Чувство достоинства провинциала было задето, он смутно понимал, что бабенка заставляет их делать что-то унизительное. Дезире глупо высказался:
– Изображать из себя лошадь!.. О!.. Нет! Я бы предпочел что-нибудь другое.
Ги насмешливо ответил:
– Вы доверили нам свое воспитание и не имеете права рассуждать. Слушайтесь!
– Но разве так принято поступать? – спросил провинциальный увалень, которого Андреа так непочтительно назвала Бычьей Мухой.
– Милорд д'Арсуй и распутники конца Империи [41]не такое еще проделывали… Не сомневайтесь! Уверяю вас, это очень элегантный поступок.
Андреа теряла терпение, она высунулась из дверки и крикнула голосом уличной торговки:
– Ну! Живо! Вас стегануть, что ли?..
Мутон встал меж оглобель, маркиз взялся за левую, виконт за правую постромки, Ги толкал сзади, и экипаж тронулся, а лакеи хохотали и злорадствовали, глядя из окон на то, как унижают их хозяев.
Выехали на авеню.
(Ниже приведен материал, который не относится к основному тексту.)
(* In the setting described in the context, suppose that $(T_{\lambda,\sigma})$ has an elliptic anomaly of first order and $\mathcal K$th kind, and that the basis change $M$ is such that $\mathbf E(p_{\mathcal K,\sigma}(\theta))=\mu$ is a constant (independent of $\theta$), $\mu\neq 0$. Let $\tilde{\mathcal K}>\mathcal K$ be the index of the first $k>\mathcal K$ with $\mathbf E(P_{\eta_k,\sigma})\neq 0$ and $\mathcal K'=\min\{\tilde{\mathcal K},K\}$. Then for every $f\in C^1(S^1_\pi)$, $$I_N(f)=\int_0^\pi\frac{d\theta}{\pi}\,f(\theta)+\mathcal O\big(\lambda^{\eta_{\mathcal K'}-\eta_{\mathcal K}},(\lambda^{\eta_{\mathcal K}}N)^{-1}\big),$$ where the error is bounded by a constant (independent of $N$) times $\lambda^{\eta_{\mathcal K'}-\eta_{\mathcal K}}+(\lambda^{\eta_{\mathcal K}}N)^{-1}$ for small $\lambda>0$.
   Context: Let $(\Sigma,\mathbf p)$ be a probability space and $(T_{\lambda,\sigma})_{\lambda\in\mathbb R,\sigma\in\Sigma}$ a family in $SL(2,\mathbb R)$, with compact support (uniformly bounded) for small $\lambda$, whose $\lambda$-dependence is a power series with nonnegative (not necessarily integer) exponents. Suppose for a fixed $M\in SL(2,\mathbb R)$ independent of $\lambda,\sigma$: $MT_{\lambda,\sigma}M^{-1}=\pm\exp\big(\sum_{k\ge1}\lambda^{\eta_k}P_{\eta_k,\sigma}\big)$ with $P_{\eta_k,\sigma}\in sl(2,\mathbb R)$, $0<\eta_1<\eta_2<\cdots$, an index $K$ with $\eta_K=2\eta_1$, $\eta_{K+1}\le\eta_1+\eta_2$, and $\mathbf p(P_{\eta_k,\sigma}=0)<1$ for $k=1,\ldots,K-1$. (Then $T_{0,\sigma}=\pm\mathbf 1$: $\lambda=0$ is an anomaly.) The anomaly is of first order and $\mathcal K$th kind if $\mathcal K<K$, $\mathbf E(P_{\eta_k,\sigma})=0$ for $k<\mathcal K$ and $\mathbf E(P_{\eta_{\mathcal K},\sigma})\neq0$; it is elliptic if $\det\mathbf E(P_{\eta_{\mathcal K},\sigma})>0$. For $P_{\eta_k,\sigma}=\begin{pmatrix}a&b\\c&-a\end{pmatrix}$ put $p_{k,\sigma}(\theta)=c\cos^2\theta-b\sin^2\theta-a\sin(2\theta)$. $S^1_\pi=\mathbb R/\pi\mathbb Z$; for $T\in SL(2,\mathbb R)$ the map $\mathcal S_T:S^1_\pi\to S^1_\pi$ is defined by $e_{\mathcal S_T(\theta)}=\pm Te_\theta/\|Te_\theta\|$, $e_\theta=(\cos\theta,\sin\theta)^T$; $\mathcal S_{\lambda,\sigma}=\mathcal S_{MT_{\lambda,\sigma}M^{-1}}$. With $(\sigma_n)_{n\ge1}$ i.i.d. of law $\mathbf p$ and $\theta_0\in S^1_\pi$, set $\theta_{n+1}=\mathcal S_{\lambda,\sigma_{n+1}}(\theta_n)$ and, for $\pi$-periodic $f$, $I_N(f)=\frac1N\mathbf E\sum_{n=0}^{N-1}f(\theta_n)$. $\mathbf E$ denotes expectation over the randomness. *)

theory Defs
  imports "HOL-Analysis.Analysis" "HOL-Probability.Probability"
begin

type_synonym mat2 = "real^2^2"

primrec mpow :: "mat2 \<Rightarrow> nat \<Rightarrow> mat2" where
  "mpow A 0 = mat 1"
| "mpow A (Suc n) = A ** mpow A n"

definition mexp :: "mat2 \<Rightarrow> mat2" where
  "mexp A = (\<Sum>n. (1 / fact n) *\<^sub>R mpow A n)"

definition evec :: "real \<Rightarrow> real^2" where
  "evec \<theta> = vector [cos \<theta>, sin \<theta>]"

text \<open>Projective action S_T on S^1_pi; angles are represented by reals, the
  result is a representative (in (-pi,pi]) of the class mod pi of the angle of T e_theta.\<close>
definition Smap :: "mat2 \<Rightarrow> real \<Rightarrow> real" where
  "Smap A \<theta> = Arg (Complex ((A *v evec \<theta>) $ 1) ((A *v evec \<theta>) $ 2))"

text \<open>p_{k,sigma}(theta) for P = [[a,b],[c,-a]].\<close>
definition pfun :: "mat2 \<Rightarrow> real \<Rightarrow> real" where
  "pfun A \<theta> = A $ 2 $ 1 * (cos \<theta>)\<^sup>2 - A $ 1 $ 2 * (sin \<theta>)\<^sup>2 - A $ 1 $ 1 * sin (2 * \<theta>)"

primrec theta_seq :: "('s \<Rightarrow> real \<Rightarrow> real) \<Rightarrow> real \<Rightarrow> (nat \<Rightarrow> 's) \<Rightarrow> nat \<Rightarrow> real" where
  "theta_seq S \<theta>0 \<omega> 0 = \<theta>0"
| "theta_seq S \<theta>0 \<omega> (Suc n) = S (\<omega> (Suc n)) (theta_seq S \<theta>0 \<omega> n)"

definition I_N :: "'s measure \<Rightarrow> ('s \<Rightarrow> real \<Rightarrow> real) \<Rightarrow> real \<Rightarrow> (real \<Rightarrow> real) \<Rightarrow> nat \<Rightarrow> real" where
  "I_N p S \<theta>0 f N = (1 / real N) *
     (\<Sum>n<N. integral\<^sup>L (PiM UNIV (\<lambda>_. p)) (\<lambda>\<omega>. f (theta_seq S \<theta>0 \<omega> n)))"

end

(*
  Let Q be the transition operator of the chain of directions and m the mean of f.  Since f - m
  has mean zero over a period, g' = (f - m) / mu has a pi-periodic solution g.  Expanding the
  projective action of +-exp X to second order, Q g - g = lam^eta_Kc (f - m) + O(lam^eta_K'):
  below K' the only term of X with nonzero mean is lam^eta_Kc P_Kc, whose mean angular speed is
  the constant mu, and the quadratic terms are O(lam^(2 eta_1)) = O(lam^eta_K).  Summed along the
  orbit the left-hand side telescopes, so
  N lam^eta_Kc (I_N(f) - m) = E g(theta_N) - g(theta_0) + O(N lam^eta_K').
*)
theory Submission
  imports Defs
begin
Четыре богача, закутанные в меховые пальто, согнувши спины, тащили экипаж, и полы их шуб волочились по грязи.
Цилиндры аристократов поливал дождь, они бежали по лужам, со смехом обдавая друг друга с ног до головы грязной водой.
Мальтаверн, Франкорвиль, Бежен и Мутон веселились как блаженненькие, шутили и смеялись, называли себя именами лошадей, пощелкивали языками, как бы поощряя друг друга, выкрикивали разные кучерские словечки и в то же время испытывая какое-то извращенное наслаждение от непристойных окриков Рыжей, – та поносила их с увлечением и уменьем, как настоящая уличная девка.
В понуканиях и окриках дочь мамаши Башю вымещала на богачах все обиды и унижения, перенесенные от них и им подобных девушками, которых они развратили и унизили.
– Удивительная!.. Поразительная… С огоньком женщина!.. – задыхаясь от усилий, бормотали четыре лакированных бычка, слушая, как их поносит Андреа.
Миновав авеню Ош, экипаж поехал по улице Бальзака, с немалой скоростью спускаясь под гору; он немного замедлил ход на Елисейских полях [42], а потом снова ускорил его на улице Галилея.
Когда экипаж выбрался на улицу Элер, люди-лошади были с ног до головы покрыты грязью, и все извозчики, стоявшие в ожидании пассажиров, встретили их потоком издевательств. Наконец они прибыли к дому Регины и свернули в подворотню.
Но, вместо того чтобы остановиться у стеклянной двери, в которую входили первые приглашенные, друзья двинулись дальше и вкатили в зимний сад. Четверо, наверное сговорившись во время пути, изо всех сил побежали вперед.
Купе [43]въехало в огромный холл со стеклянной крышей, уставленный экзотическими растениями и цветущим кустарником, где прогуливались, разговаривали и флиртовали мужчины и женщины в нарядных туалетах, ожидая часа обеда.